*WORK REQUEST*.
Each line from the one containing "by (subst sum.swap)" through the last line of the records below is to be repeated as written, with nothing added.

*EXERCISE INPUTS*.
theorem lemma2p3:
  fixes r :: nat and \<epsilon> :: real
  assumes "r \<ge> 2" and "\<epsilon> > 0"
  shows "\<exists>k0::nat. \<forall>k\<ge>k0.
    (let K = k div (10 * (4 * r - 4));
         b = AW K (r - 1) - 1;
         M = nat \<lfloor>real k powr (2 * real r - 1 - \<epsilon>) /
                   (2 ^ (r - 1) * (40 * real r) ^ (r\<^sup>2 - 1))\<rfloor>;
         L = log 2 (real r ^ 2 / (real r ^ 2 - 1));
         t = nat \<lfloor>(4 * real r - 2) * (2 * real r + 1) / L * log 2 (real k)
                   + (2 * real r + 1) * (log 2 (real r) + 1) / L\<rfloor>
     in \<forall>(gamma :: nat \<Rightarrow> nat \<Rightarrow> nat) (rho :: nat \<Rightarrow> nat \<times> nat).
          (\<forall>i<r. (\<forall>x\<in>{1..b}. gamma i x < r \<and> gamma i x \<noteq> i) \<and>
                 \<not> (\<exists>w. mono_wave (gamma i) {1..b} K w)) \<longrightarrow>
          (\<forall>g. rho g \<in> {..<r} \<times> {1..r}) \<longrightarrow>
          (\<forall>a d. 1 \<le> a \<and> a + (t - 1) * d \<le> M \<and> d > b \<longrightarrow> good_AP r b M rho t a d) \<longrightarrow>
          (\<forall>w. mono_wave (scheme_color r b gamma rho) {1..M} (k div 2) w \<longrightarrow>
               real (w (k div 2 - 1) - w (k div 2 - 2)) \<ge> real b * real k powr (1 - \<epsilon> / 2)))"
proof -
  define L where "L = log 2 (real r ^ 2 / (real r ^ 2 - 1))"
  have "(2::real) ^ 2 \<le> real r ^ 2" using assms(1) by (intro power_mono) auto
  then have L: "0 < L" "L \<le> 1" using log2_ratio_bounds[of "real r ^ 2"] unfolding L_def by auto
  define A B where "A = (4 * real r - 2) * (2 * real r + 1) / L"
    and "B = (2 * real r + 1) * (log 2 (real r) + 1) / L"
  define t where "t k = nat \<lfloor>A * log 2 (real k) + B\<rfloor>" for k :: nat
  have A: "0 \<le> A" using L assms(1) unfolding A_def by simp
  have "0 \<le> log 2 (real r)" using assms(1) by simp
  then have "2 \<le> (2 * real r + 1) * (log 2 (real r) + 1)"
    using assms(1) mult_mono[of 2 "2 * real r + 1" 1 "log 2 (real r) + 1"] by simp
  with L have B: "2 \<le> B" unfolding B_def by (simp add: le_divide_eq mult_left_le order_trans)
  obtain k0 where k0: "\<And>k. k0 \<le> k \<Longrightarrow>
      80 * r \<le> k \<and> 2 \<le> t k \<and> real (t k - 1) ^ 2 * real k powr (1 - \<epsilon> / 2) \<le> real k / 4"
    using eventually_conj[OF eventually_ge_at_top eventually_floor_log_sq_powr_le[OF assms(2) A B]]
    unfolding eventually_sequentially t_def by blast
  show ?thesis
    unfolding Let_def
    by (intro exI[of _ k0] allI impI, rule scheme_wave_last_gap[where e = \<epsilon>])
      (use assms k0[unfolded t_def A_def B_def L_def] in auto)
qed

end
lemma quad_form_equation_eigenvector:
  fixes A B Q U :: "complex mat" and s t p :: real
  assumes U: "unitary_mat n U" and d: "\<forall>i<n. d i > 0"
    and A: "A \<in> carrier_mat n n" and B: "B \<in> carrier_mat n n" "invertible_mat B"
    and v: "v \<in> carrier_vec n" "v \<noteq> 0\<^sub>v n" and Av: "A *\<^sub>v v = lam \<cdot>\<^sub>v v"
    and eq: "Q = spectral_mat n U (\<lambda>i. d i powr s)
      + mat_adjoint A * spectral_mat n U (\<lambda>i. d i powr (- t)) * A
      + mat_adjoint B * spectral_mat n U (\<lambda>i. d i powr (- p)) * B"
  defines "c k \<equiv> (cmod ((mat_adjoint U *\<^sub>v v) $ k))\<^sup>2"
  shows "(\<Sum>k<n. c k * d k powr s) + (cmod lam)\<^sup>2 * (\<Sum>k<n. c k * d k powr (- t))
    < Re ((Q *\<^sub>v v) \<bullet> conjugate v)"
proof -
  define Xr where "Xr r = spectral_mat n U (\<lambda>i. d i powr r)" for r
  have Xr: "Xr r \<in> carrier_mat n n" for r unfolding Xr_def using U by simp
  have MA: "mat_adjoint A * Xr (- t) * A \<in> carrier_mat n n"
    and MB: "mat_adjoint B * Xr (- p) * B \<in> carrier_mat n n" using A B(1) Xr by auto
  have quad: "Re ((Xr r *\<^sub>v v) \<bullet> conjugate v) = (\<Sum>k<n. c k * d k powr r)" for r
    unfolding Xr_def quad_form_spectral_mat[OF U v(1)] c_def by (simp add: mult.commute)
  have "Re ((Xr (- p) *\<^sub>v (B *\<^sub>v v)) \<bullet> conjugate (B *\<^sub>v v)) > 0"
    unfolding Xr_def using d invertible_mat_mult_vec_nonzero[OF B v] B(1) v(1)
    by (intro quad_form_spectral_mat_pos[OF U]) auto
  hence Bpos: "Re (((mat_adjoint B * Xr (- p) * B) *\<^sub>v v) \<bullet> conjugate v) > 0"
    by (simp only: quad_form_adjoint_sandwich[OF B(1) Xr v(1)])
  have "(Q *\<^sub>v v) \<bullet> conjugate v = (Xr s *\<^sub>v v) \<bullet> conjugate v
      + ((mat_adjoint A * Xr (- t) * A) *\<^sub>v v) \<bullet> conjugate v
      + ((mat_adjoint B * Xr (- p) * B) *\<^sub>v v) \<bullet> conjugate v"
    using eq Xr MA MB v(1) unfolding Xr_def[symmetric] by (simp add: quad_form_add[of _ n])
  hence "Re ((Q *\<^sub>v v) \<bullet> conjugate v)
      = (\<Sum>k<n. c k * d k powr s) + (cmod lam)\<^sup>2 * (\<Sum>k<n. c k * d k powr (- t))
        + Re (((mat_adjoint B * Xr (- p) * B) *\<^sub>v v) \<bullet> conjugate v)"
    unfolding quad_form_adjoint_sandwich_eigenvector[OF A Xr v(1) Av] by (simp add: quad)
  thus ?thesis using Bpos by linarith
qed
text \<open>For a real symmetric matrix \<open>A\<close> and a vector \<open>\<phi>\<close> with \<open>r = \<Sum> \<phi>\<^sup>2\<close>, the spectral theorem
  and Jensen's inequality give \<open>\<langle>\<phi>, e\<^sup>A \<phi>\<rangle> \<ge> r exp (\<langle>\<phi>, A \<phi>\<rangle> / r)\<close>. We avoid diagonalisation:
  by Cauchy-Schwarz the numbers \<open>h\<^sub>j = \<langle>\<phi>, exp (2\<^sup>-\<^sup>j A) \<phi>\<rangle> / r\<close> satisfy \<open>h\<^sub>j\<^sub>+\<^sub>1\<^sup>2 \<le> h\<^sub>j\<close>, hence
  \<open>h\<^sub>0 \<ge> h\<^sub>j ^ 2\<^sup>j\<close>, while the power series gives \<open>h\<^sub>j \<ge> 1 + 2\<^sup>-\<^sup>j \<langle>\<phi>, A \<phi>\<rangle> / r - O(4\<^sup>-\<^sup>j)\<close>;
  let \<open>j \<rightarrow> \<infinity>\<close>.

  For the plane wave \<open>x \<mapsto> cis (k \<bullet> x)\<close> restricted to \<open>Q\<close> this bounds
  \<open>\<Sum>\<^sub>x\<^sub>,\<^sub>y (e\<^sup>\<beta>\<^sup>\<Delta>)\<^sub>x\<^sub>y cos (k \<bullet> (x - y))\<close> below by \<open>|Q| exp (\<beta> \<langle>cis, \<Delta> cis\<rangle> / |Q|)\<close>. Compared with
  the free Laplacian, whose plane-wave energy is \<open>-\<omega>(k)\<close> per site, \<open>\<Delta>\<^sub>Q\<close> only loses the bonds leaving
  \<open>Q\<close>; through each of the \<open>2d\<close> faces these start at no more than \<open>|Q| / (2m + 1)\<close> points, so
  \<open>\<langle>cis, \<Delta>\<^sub>Q cis\<rangle> \<ge> -|Q| (\<omega>(k) + d / m)\<close>. Integrating over \<open>k \<in> [-\<pi>, \<pi>]\<^sup>d\<close>, orthogonality of the
  characters leaves \<open>(2\<pi>)\<^sup>d\<close> times the trace of \<open>e\<^sup>\<beta>\<^sup>\<Delta>\<close>.\<close>

section \<open>Powers and exponential of a finite matrix\<close>

lemma matpow_add:
  assumes "finite S" "x \<in> S"
  shows "matpow S A (i + j) x y = (\<Sum>w\<in>S. matpow S A i x w * matpow S A j w y)"
  using assms(2)
proof (induction i arbitrary: x)
  case 0
  have "(\<Sum>w\<in>S. (if x = w then 1 else 0) * matpow S A j w y) = (\<Sum>w\<in>S. if x = w then matpow S A j w y else 0)"
    by (intro sum.cong) auto
  then show ?case using 0 assms(1) by simp
next
  case (Suc i)
  have "matpow S A (Suc i + j) x y = (\<Sum>w\<in>S. A x w * (\<Sum>u\<in>S. matpow S A i w u * matpow S A j u y))"
    using Suc.IH by (simp cong: sum.cong)
  also have "\<dots> = (\<Sum>u\<in>S. \<Sum>w\<in>S. A x w * matpow S A i w u * matpow S A j u y)"
    by (subst sum.swap) (simp add: sum_distrib_left mult.assoc)
  also have "\<dots> = (\<Sum>u\<in>S. (\<Sum>w\<in>S. A x w * matpow S A i w u) * matpow S A j u y)"
    by (simp add: sum_distrib_right)
  finally show ?case by simp
qed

*EXERCISE SOLUTION*.
    by (subst sum.swap) (simp add: sum_distrib_left mult.assoc)
  also have "\<dots> = (\<Sum>u\<in>S. (\<Sum>w\<in>S. A x w * matpow S A i w u) * matpow S A j u y)"
    by (simp add: sum_distrib_right)
  finally show ?case by simp
qed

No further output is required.